At the time, management reminded investors that the study would continue to the 36-week mark, when another liver biopsy would be done, and those updated results were unveiled to investor fanfare in May.

The updated data showed that 56% of all MGL-3196 patients had a two-point or greater improvement on in NAFLD activity score (NAS), compared to 32% of placebo patients, and that 27% of patients had NASH resolution as determined by biopsy, compared to 6% for the placebo group. Additionally, 50% of patients with NASH resolution also had fibrosis resolved.

MGL-3196's data was good enough for management to suggest a "high likelihood" of success in a longer phase 3 trial enrolling more people. Management also said it thinks there's a "potential to resolve NASH in as little as 9 months in 30% to 40% of patients."
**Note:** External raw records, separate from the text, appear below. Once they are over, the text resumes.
(* Let $\mathcal T$ be a mesh as in the context, $i\in\{1,\dots,d\}$, $n\in\{0,\dots,N_i\}$, and $x\in\mathrm{ATJ}_i(n)$. Then there are an anchor $A\in\mathcal A$ with $x\in\mathrm{supp}_\Omega B_A$ and a T-junction $T$ with $\mathrm{odir}(T)=i$ and associated cell $Q=\mathrm{ascell}(T)$ such that, with $j=\mathrm{pdir}(T)$: (1) $\overline T\cap\mathrm{conv}\bigl(P_{i,n}(A)\cup\{x\}\bigr)\ne\emptyset$; (2) $Q_j\cap\mathrm{conv}\bigl(A_j\cup\{x_j\}\bigr)\ne\emptyset$; (3) there exists $y\in A_j$ with $y\ne x_j$.
   Context: Fix $d\ge2$, integers $N_1,\dots,N_d\ge1$, $\mathbf p=(p_1,\dots,p_d)\in\mathbb N^d$, $q_k=\lfloor(p_k+1)/2\rfloor$, $\Omega=\prod_{k=1}^d(0,N_k)$, $\mathrm{AR}=\prod_k[q_k,N_k-q_k]$. A mesh $\mathcal T$ is a finite family of pairwise disjoint sets $E=E_1\times\cdots\times E_d$ (entities) with union $\overline\Omega$, each $E_k$ a singleton $\{n\}$, $n\in\{0,\dots,N_k\}$, or an open interval $(a,b)$ with integers $0\le a<b\le N_k$; cells are entities all of whose components are open intervals; the dimension of an entity is its number of interval components. Only meshes arising as follows are considered: start from a tensor-product mesh given by integer grids $0=g^k_0<\dots<g^k_{M_k}=N_k$ (entities: products of grid points and open grid intervals), each containing $0,\dots,q_k$ and $N_k-q_k,\dots,N_k$, and apply finitely many subdivision steps $\mathrm{subdiv}(\mathcal T,Q,j)$: for a cell $Q\subset\mathrm{AR}$ and direction $j$ with $m=\frac12(\inf Q_j+\sup Q_j)$ an integer, let $D=\overline Q$; for each $\ell\ne j$, if $\min D_\ell=q_\ell$ replace $D_\ell$ by $D_\ell\cup[0,q_\ell]$, and if $\max D_\ell=N_\ell-q_\ell$ replace $D_\ell$ by $D_\ell\cup[N_\ell-q_\ell,N_\ell]$; replace each entity $E\subset D$ with $E_j=Q_j$ by the three entities with $j$-th component $(\inf Q_j,m)$, $\{m\}$, $(m,\sup Q_j)$. $P_{j,n}(E)$ is $E$ with its $j$-th component replaced by $\{n\}$; $S_j(n)=\{z\in\overline\Omega:z_j=n\}$; $\mathrm{Sk}_j=\bigcup_{Q\text{ cell}}\{z\in\overline Q:z_j\in\{\inf Q_j,\sup Q_j\}\}$; $\mathrm{conv}$ is convex hull. T-junctions: an entity $T$ of dimension $d-2$, $T\not\subset\partial\Omega$, such that fewer than four entities $F$ of dimension $d-1$ satisfy $T\subset\partial F$; with singleton components $T_i=\{t_i\}$, $T_j=\{t_j\}$, the unique cell $Q=\mathrm{ascell}(T)$ with $T\subset\partial Q$, $t_i\in Q_i$, $t_j\in\{\inf Q_j,\sup Q_j\}$ defines $\mathrm{odir}(T)=i$, $\mathrm{pdir}(T)=j$. Anchors: $\kappa=\{\ell:p_\ell\text{ odd}\}$; $\mathcal A$ is the set of all $A=A_1\times\dots\times A_d\subset\mathrm{AR}$ such that for some cell $Q$, $A_\ell=\{n_\ell\}$ with $n_\ell\in\{\inf Q_\ell,\sup Q_\ell\}$ for $\ell\in\kappa$ and $A_\ell=Q_\ell$ for $\ell\notin\kappa$. Global knot vector $\Xi^j_E$: increasing sequence of all integers $n$ with $P_{j,n}(E)\subseteq\mathrm{Sk}_j$. Local knot vector $v^j_A=(\ell_0,\dots,\ell_{p_j+1})$: consecutive entries of $\Xi^j_A$ with $\ell_{\lfloor(p_j+1)/2\rfloor}=\inf A_j$. $\mathrm{supp}_\Omega B_A=\prod_k[\ell^{(k)}_0,\ell^{(k)}_{p_k+1}]$ where $v^k_A=(\ell^{(k)}_0,\dots,\ell^{(k)}_{p_k+1})$. Abstract T-junction extension: $\mathrm{ATJ}_j(n)=S_j(n)\cap\bigcup_{A\in\mathcal A,\,n\in\Xi^j_A}\mathrm{supp}_\Omega B_A\cap\bigcup_{A\in\mathcal A,\,n\notin\Xi^j_A}\mathrm{supp}_\Omega B_A$. *)

theory Defs
  imports "HOL-Analysis.Analysis"
begin
(* Assume (A.1)–(A.4). Let $\widehat\mu^N_\ast(\gamma)\in\arg\sup_{\widehat\mu^N\in\mathcal P^N}E_\gamma(\widehat\mu^N)$ and $\widehat\mu^N_\ast(\gamma,\varepsilon)\in\arg\sup_{\widehat\mu^N\in\mathcal P^N_\varepsilon}E_\gamma(\widehat\mu^N)$, where $\mathcal P^N_\varepsilon=\{\widehat\mu^N:W_{2,\varepsilon}(\widehat\mu^N,\widehat\mu_0^N)\le R\}$. Then for every $\varepsilon>0$, $$\big|E_0(\widehat\mu^N_\ast(\gamma))-E_0(\widehat\mu^N_\ast(\gamma,\varepsilon))\big|\le c\,e^{-2/\varepsilon}+\frac2\gamma,$$ where $c>0$ is a constant independent of $\varepsilon$.
   Context: $P_{x,y}$ is a distribution on $\mathcal X\times\{-1,+1\}$; $K_\mu(x,\hat x)=\int_0^\infty e^{-\xi\|x-\hat x\|_2^2}\mu(d\xi)$; $E_0(\mu)=\mathbb E[y\hat yK_\mu(x,\hat x)]$, $E_\gamma(\mu)=E_0(\mu)-\frac1\gamma\mathbb E[K_\mu^2(x,\hat x)]$. $\Xi=[\xi_l,\xi_u]$ (A.3); $\widehat\mu_0^N=\frac1N\sum_k\delta_{\xi_0^k}$ with $\xi_0^k$ i.i.d. from $\mu_0$ having a Lebesgue density (A.4). $\mathcal P^N=\{\widehat\mu^N=\frac1N\sum_{k=1}^N\delta_{\xi^k},\ \xi^k\in\Xi:W_2(\widehat\mu^N,\widehat\mu_0^N)\le R\}$. Sinkhorn divergence: for $\widehat\mu^N=\frac1N\sum\delta_{\xi^i}$, $\widehat\nu^N=\frac1N\sum\delta_{\zeta^j}$, $W^2_{2,\varepsilon}(\widehat\mu^N,\widehat\nu^N)=\sum_{i,j}\pi^\ast_{ij}|\xi^i-\zeta^j|^2$, $\pi^\ast=\arg\min\{\sum\pi_{ij}|\xi^i-\zeta^j|^2+\varepsilon\sum\pi_{ij}\log\pi_{ij}:\sum_i\pi_{ij}=\sum_j\pi_{ij}=\frac1N\}$. (A.1) $\mathcal X$ has finite diameter; (A.2) Slater: there exist empirical measures with $W_2(\cdot,\widehat\mu_0^N)<R$ and $W_{2,\varepsilon}(\cdot,\widehat\mu_0^N)<R$. *)

theory Defs
  imports "HOL-Probability.Probability"
begin

text \<open>Empirical measures with N atoms are represented by their atom vectors
  xi :: nat => real (only the entries xi k, k < N, matter).
  The uniform empirical measure is (1/N) * sum of Dirac masses at xi k.\<close>

definition couplings :: "nat \<Rightarrow> (nat \<Rightarrow> nat \<Rightarrow> real) set" where
  "couplings N = {\<pi>. (\<forall>i j. i < N \<and> j < N \<longrightarrow> 0 \<le> \<pi> i j)
      \<and> (\<forall>i j. \<not> (i < N \<and> j < N) \<longrightarrow> \<pi> i j = 0)
      \<and> (\<forall>j<N. (\<Sum>i<N. \<pi> i j) = 1 / real N)
      \<and> (\<forall>i<N. (\<Sum>j<N. \<pi> i j) = 1 / real N)}"

definition transport_cost :: "nat \<Rightarrow> (nat \<Rightarrow> real) \<Rightarrow> (nat \<Rightarrow> real) \<Rightarrow> (nat \<Rightarrow> nat \<Rightarrow> real) \<Rightarrow> real" where
  "transport_cost N \<xi> \<zeta> \<pi> = (\<Sum>i<N. \<Sum>j<N. \<pi> i j * (\<xi> i - \<zeta> j)^2)"

definition W2 :: "nat \<Rightarrow> (nat \<Rightarrow> real) \<Rightarrow> (nat \<Rightarrow> real) \<Rightarrow> real" where
  "W2 N \<xi> \<zeta> = sqrt (Inf (transport_cost N \<xi> \<zeta> ` couplings N))"

text \<open>Entropically regularised objective (with 0 * ln 0 = 0) and its minimiser.\<close>
definition sinkhorn_obj :: "nat \<Rightarrow> real \<Rightarrow> (nat \<Rightarrow> real) \<Rightarrow> (nat \<Rightarrow> real) \<Rightarrow> (nat \<Rightarrow> nat \<Rightarrow> real) \<Rightarrow> real" where
  "sinkhorn_obj N \<epsilon> \<xi> \<zeta> \<pi> =
     transport_cost N \<xi> \<zeta> \<pi> + \<epsilon> * (\<Sum>i<N. \<Sum>j<N. \<pi> i j * ln (\<pi> i j))"

definition sinkhorn_plan :: "nat \<Rightarrow> real \<Rightarrow> (nat \<Rightarrow> real) \<Rightarrow> (nat \<Rightarrow> real) \<Rightarrow> (nat \<Rightarrow> nat \<Rightarrow> real)" where
  "sinkhorn_plan N \<epsilon> \<xi> \<zeta> = (THE \<pi>. \<pi> \<in> couplings N \<and>
      (\<forall>\<pi>'\<in>couplings N. sinkhorn_obj N \<epsilon> \<xi> \<zeta> \<pi> \<le> sinkhorn_obj N \<epsilon> \<xi> \<zeta> \<pi>'))"

definition W2eps :: "nat \<Rightarrow> real \<Rightarrow> (nat \<Rightarrow> real) \<Rightarrow> (nat \<Rightarrow> real) \<Rightarrow> real" where
  "W2eps N \<epsilon> \<xi> \<zeta> = sqrt (transport_cost N \<xi> \<zeta> (sinkhorn_plan N \<epsilon> \<xi> \<zeta>))"

definition Kemp :: "nat \<Rightarrow> (nat \<Rightarrow> real) \<Rightarrow> 'a::real_normed_vector \<Rightarrow> 'a \<Rightarrow> real" where
  "Kemp N \<xi> x x' = (\<Sum>k<N. exp (- \<xi> k * (norm (x - x'))^2)) / real N"

definition E0 :: "('a::euclidean_space \<times> real) measure \<Rightarrow> nat \<Rightarrow> (nat \<Rightarrow> real) \<Rightarrow> real" where
  "E0 P N \<xi> = (\<integral>pq. snd (fst pq) * snd (snd pq) * Kemp N \<xi> (fst (fst pq)) (fst (snd pq)) \<partial>(P \<Otimes>\<^sub>M P))"

definition Egamma :: "('a::euclidean_space \<times> real) measure \<Rightarrow> nat \<Rightarrow> real \<Rightarrow> (nat \<Rightarrow> real) \<Rightarrow> real" where
  "Egamma P N \<gamma> \<xi> = E0 P N \<xi>
     - (1 / \<gamma>) * (\<integral>pq. (Kemp N \<xi> (fst (fst pq)) (fst (snd pq)))^2 \<partial>(P \<Otimes>\<^sub>M P))"

definition PN :: "nat \<Rightarrow> real \<Rightarrow> real \<Rightarrow> real \<Rightarrow> (nat \<Rightarrow> real) \<Rightarrow> (nat \<Rightarrow> real) set" where
  "PN N xil xiu R \<xi>0 = {\<xi>. (\<forall>k<N. \<xi> k \<in> {xil..xiu}) \<and> W2 N \<xi> \<xi>0 \<le> R}"

definition PNeps :: "nat \<Rightarrow> real \<Rightarrow> real \<Rightarrow> real \<Rightarrow> real \<Rightarrow> (nat \<Rightarrow> real) \<Rightarrow> (nat \<Rightarrow> real) set" where
  "PNeps N \<epsilon> xil xiu R \<xi>0 = {\<xi>. (\<forall>k<N. \<xi> k \<in> {xil..xiu}) \<and> W2eps N \<epsilon> \<xi> \<xi>0 \<le> R}"

definition is_argmax_on :: "((nat \<Rightarrow> real) \<Rightarrow> real) \<Rightarrow> (nat \<Rightarrow> real) set \<Rightarrow> (nat \<Rightarrow> real) \<Rightarrow> bool" where
  "is_argmax_on f S \<xi> \<longleftrightarrow> \<xi> \<in> S \<and> (\<forall>\<xi>'\<in>S. f \<xi>' \<le> f \<xi>)"

end

theory Submission
  imports Defs "HOL-Combinatorics.Permutations" "HOL-Real_Asymp.Real_Asymp"
begin

(*
  The entropy of a coupling lies in [-N^2, 0], so for small eps the Sinkhorn plan is
  eps N^2-optimal and every measure with W2 strictly below R lies in P^N_eps.  Such measures
  approximate any point of P^N: from a maximiser, move a little towards the reference atoms
  clamped into Xi, matched along an optimal permutation (optimal couplings of uniform
  empirical measures can be taken to be permutations, by a greedy rearrangement).  Since
  E_gamma is Lipschitz in the atoms, its supremum over P^N_eps is then within 1/gamma of the
  one over P^N, and as the regulariser lies in [0, 1/gamma] the E_0-values of the two
  maximisers differ by at most 2/gamma.  For the remaining, large eps both E_0-values lie in
  [-1, 1], and the constant c = 2 exp (2 / eps0) absorbs their difference.
*)

definition perm_coupling :: "nat \<Rightarrow> (nat \<Rightarrow> nat) \<Rightarrow> nat \<Rightarrow> nat \<Rightarrow> real" where
  "perm_coupling N p i j = (if i < N \<and> j < N \<and> j = p i then 1 / real N else 0)"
Naturally, that kind of efficacy will need to be confirmed in phase 3, but it appears MGL-3196 puts Madrigal in a position to compete against others that are advancing NASH therapies to the Food and Drug Administration, including Gilead Sciences (NASDAQ:GILD) and Intercept (NASDAQ:ICPT).

Like Arrowhead and Endocyte, the optimism surrounding Madrigal is tied to clinical-stage progress. Unfortunately, none of these companies are rallying based on late-stage phase 3 results that could secure an FDA OK. That fact means these companies could drop as quickly as they popped if their future trials fall short. Historically, 90% of drugs that enter clinical trials fail to make it to market, and the probability of success in phase 3 is just 58.1%, based on an analysis by BIO. Given those odds, these stocks might only be suitable for aggressive investors who can withstand a setback.

Editor's note: A previous version of this article mistakenly referred to hemophilia instead of hepatitis B. The Fool regrets the error.